[Data excerpts]
lemma sum_dags_with_sources:
  fixes q :: real and G :: "nat \<Rightarrow> real"
  assumes V: "finite V" and S: "S \<subseteq> V"
  shows "(\<Sum>E\<in>{E \<in> dags_on V. sources_on V E = S}. q ^ card E * G (card (second_layer V E)))
       = (\<Sum>D\<in>dags_on (V - S). q ^ card D * G (card (sources_on (V - S) D))
            * (\<Sum>B\<in>covering_edges S (V - S) (sources_on (V - S) D). q ^ card B))"
proof -
  let ?R = "V - S"
  let ?C = "\<lambda>D. covering_edges S ?R (sources_on ?R D)"
  have weight: "q ^ card (D \<union> B) * G (card (second_layer V (D \<union> B)))
      = q ^ card D * G (card (sources_on ?R D)) * q ^ card B"
    if D: "D \<in> dags_on ?R" and B: "B \<in> ?C D" for D B
  proof -
    have sub: "D \<subseteq> ?R \<times> ?R" "B \<subseteq> S \<times> ?R"
      using D B by (auto simp: dags_on_def covering_edges_def)
    then have "D \<subseteq> V \<times> V" "B \<subseteq> V \<times> V"
      using S by auto
    then have "finite D" "finite B"
      using finite_cartesian_product[OF V V] by (auto intro: finite_subset)
    then have "card (D \<union> B) = card D + card B"
      using sub by (intro card_Un_disjoint) auto
    then show ?thesis
      using dag_Un_covering_edges(3)[OF S D B] by (simp add: power_add)
  qed
  have finite_C: "finite (?C D)" for D
    using V finite_subset[OF S V] by (simp add: finite_covering_edges)
  have "(\<Sum>E\<in>{E \<in> dags_on V. sources_on V E = S}. q ^ card E * G (card (second_layer V E)))
      = (\<Sum>(D, B)\<in>(SIGMA D:dags_on ?R. ?C D). q ^ card (D \<union> B) * G (card (second_layer V (D \<union> B))))"
    using sum.reindex_bij_betw[OF bij_betw_dags_with_sources[OF S],
        of "\<lambda>E. q ^ card E * G (card (second_layer V E))"]
    by (simp add: case_prod_unfold)
  also have "\<dots> = (\<Sum>(D, B)\<in>(SIGMA D:dags_on ?R. ?C D). q ^ card D * G (card (sources_on ?R D)) * q ^ card B)"
    by (rule sum.cong) (auto simp: weight)
  also have "\<dots> = (\<Sum>D\<in>dags_on ?R. \<Sum>B\<in>?C D. q ^ card D * G (card (sources_on ?R D)) * q ^ card B)"
    using V finite_C by (subst sum.Sigma) (auto intro: finite_dags_on)
  finally show ?thesis
    by (simp add: sum_distrib_left)
qed

lemma weighted_Chebyshev_sum_upper:
  fixes w f g :: "'a \<Rightarrow> 'b::linordered_idom"
  assumes "\<And>i. i \<in> I \<Longrightarrow> 0 \<le> w i"
    and "\<And>i j. i \<in> I \<Longrightarrow> j \<in> I \<Longrightarrow> (f i - f j) * (g i - g j) \<le> 0"
  shows "(\<Sum>i\<in>I. w i) * (\<Sum>i\<in>I. w i * f i * g i) \<le> (\<Sum>i\<in>I. w i * f i) * (\<Sum>i\<in>I. w i * g i)"
proof -
  have pointwise: "w i * w j * ((f i - f j) * (g i - g j))
      = w i * f i * g i * w j + w i * (w j * f j * g j) - w i * f i * (w j * g j) - w i * g i * (w j * f j)"
    for i j
    by (simp add: algebra_simps)
  have "(\<Sum>i\<in>I. \<Sum>j\<in>I. w i * w j * ((f i - f j) * (g i - g j)))
      = (\<Sum>i\<in>I. \<Sum>j\<in>I. w i * f i * g i * w j) + (\<Sum>i\<in>I. \<Sum>j\<in>I. w i * (w j * f j * g j))
        - (\<Sum>i\<in>I. \<Sum>j\<in>I. w i * f i * (w j * g j)) - (\<Sum>i\<in>I. \<Sum>j\<in>I. w i * g i * (w j * f j))"
    by (simp only: pointwise sum_subtractf sum.distrib)
  also have "\<dots> = 2 * ((\<Sum>i\<in>I. w i) * (\<Sum>i\<in>I. w i * f i * g i) - (\<Sum>i\<in>I. w i * f i) * (\<Sum>i\<in>I. w i * g i))"
    by (simp only: sum_product[symmetric]) (simp add: algebra_simps)
  finally have identity: "(\<Sum>i\<in>I. \<Sum>j\<in>I. w i * w j * ((f i - f j) * (g i - g j)))
      = 2 * ((\<Sum>i\<in>I. w i) * (\<Sum>i\<in>I. w i * f i * g i) - (\<Sum>i\<in>I. w i * f i) * (\<Sum>i\<in>I. w i * g i))" .
  have "(\<Sum>i\<in>I. \<Sum>j\<in>I. w i * w j * ((f i - f j) * (g i - g j))) \<le> 0"
    using assms by (intro sum_nonpos) (simp add: mult_nonneg_nonpos)
  then show ?thesis
    unfolding identity by (simp add: mult_le_0_iff)
qed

_What to work on_
Keep the wording exact. Give all of the records again.

_Answer box_
lemma sum_dags_with_sources:
  fixes q :: real and G :: "nat \<Rightarrow> real"
  assumes V: "finite V" and S: "S \<subseteq> V"
  shows "(\<Sum>E\<in>{E \<in> dags_on V. sources_on V E = S}. q ^ card E * G (card (second_layer V E)))
       = (\<Sum>D\<in>dags_on (V - S). q ^ card D * G (card (sources_on (V - S) D))
            * (\<Sum>B\<in>covering_edges S (V - S) (sources_on (V - S) D). q ^ card B))"
proof -
  let ?R = "V - S"
  let ?C = "\<lambda>D. covering_edges S ?R (sources_on ?R D)"
  have weight: "q ^ card (D \<union> B) * G (card (second_layer V (D \<union> B)))
      = q ^ card D * G (card (sources_on ?R D)) * q ^ card B"
    if D: "D \<in> dags_on ?R" and B: "B \<in> ?C D" for D B
  proof -
    have sub: "D \<subseteq> ?R \<times> ?R" "B \<subseteq> S \<times> ?R"
      using D B by (auto simp: dags_on_def covering_edges_def)
    then have "D \<subseteq> V \<times> V" "B \<subseteq> V \<times> V"
      using S by auto
    then have "finite D" "finite B"
      using finite_cartesian_product[OF V V] by (auto intro: finite_subset)
    then have "card (D \<union> B) = card D + card B"
      using sub by (intro card_Un_disjoint) auto
    then show ?thesis
      using dag_Un_covering_edges(3)[OF S D B] by (simp add: power_add)
  qed
  have finite_C: "finite (?C D)" for D
    using V finite_subset[OF S V] by (simp add: finite_covering_edges)
  have "(\<Sum>E\<in>{E \<in> dags_on V. sources_on V E = S}. q ^ card E * G (card (second_layer V E)))
      = (\<Sum>(D, B)\<in>(SIGMA D:dags_on ?R. ?C D). q ^ card (D \<union> B) * G (card (second_layer V (D \<union> B))))"
    using sum.reindex_bij_betw[OF bij_betw_dags_with_sources[OF S],
        of "\<lambda>E. q ^ card E * G (card (second_layer V E))"]
    by (simp add: case_prod_unfold)
  also have "\<dots> = (\<Sum>(D, B)\<in>(SIGMA D:dags_on ?R. ?C D). q ^ card D * G (card (sources_on ?R D)) * q ^ card B)"
    by (rule sum.cong) (auto simp: weight)
  also have "\<dots> = (\<Sum>D\<in>dags_on ?R. \<Sum>B\<in>?C D. q ^ card D * G (card (sources_on ?R D)) * q ^ card B)"
    using V finite_C by (subst sum.Sigma) (auto intro: finite_dags_on)
  finally show ?thesis
    by (simp add: sum_distrib_left)
qed

lemma weighted_Chebyshev_sum_upper:
  fixes w f g :: "'a \<Rightarrow> 'b::linordered_idom"
  assumes "\<And>i. i \<in> I \<Longrightarrow> 0 \<le> w i"
    and "\<And>i j. i \<in> I \<Longrightarrow> j \<in> I \<Longrightarrow> (f i - f j) * (g i - g j) \<le> 0"
  shows "(\<Sum>i\<in>I. w i) * (\<Sum>i\<in>I. w i * f i * g i) \<le> (\<Sum>i\<in>I. w i * f i) * (\<Sum>i\<in>I. w i * g i)"
proof -
  have pointwise: "w i * w j * ((f i - f j) * (g i - g j))
      = w i * f i * g i * w j + w i * (w j * f j * g j) - w i * f i * (w j * g j) - w i * g i * (w j * f j)"
    for i j
    by (simp add: algebra_simps)
  have "(\<Sum>i\<in>I. \<Sum>j\<in>I. w i * w j * ((f i - f j) * (g i - g j)))
      = (\<Sum>i\<in>I. \<Sum>j\<in>I. w i * f i * g i * w j) + (\<Sum>i\<in>I. \<Sum>j\<in>I. w i * (w j * f j * g j))
        - (\<Sum>i\<in>I. \<Sum>j\<in>I. w i * f i * (w j * g j)) - (\<Sum>i\<in>I. \<Sum>j\<in>I. w i * g i * (w j * f j))"
    by (simp only: pointwise sum_subtractf sum.distrib)
  also have "\<dots> = 2 * ((\<Sum>i\<in>I. w i) * (\<Sum>i\<in>I. w i * f i * g i) - (\<Sum>i\<in>I. w i * f i) * (\<Sum>i\<in>I. w i * g i))"
    by (simp only: sum_product[symmetric]) (simp add: algebra_simps)
  finally have identity: "(\<Sum>i\<in>I. \<Sum>j\<in>I. w i * w j * ((f i - f j) * (g i - g j)))
      = 2 * ((\<Sum>i\<in>I. w i) * (\<Sum>i\<in>I. w i * f i * g i) - (\<Sum>i\<in>I. w i * f i) * (\<Sum>i\<in>I. w i * g i))" .
  have "(\<Sum>i\<in>I. \<Sum>j\<in>I. w i * w j * ((f i - f j) * (g i - g j))) \<le> 0"
    using assms by (intro sum_nonpos) (simp add: mult_nonneg_nonpos)
  then show ?thesis
    unfolding identity by (simp add: mult_le_0_iff)
qed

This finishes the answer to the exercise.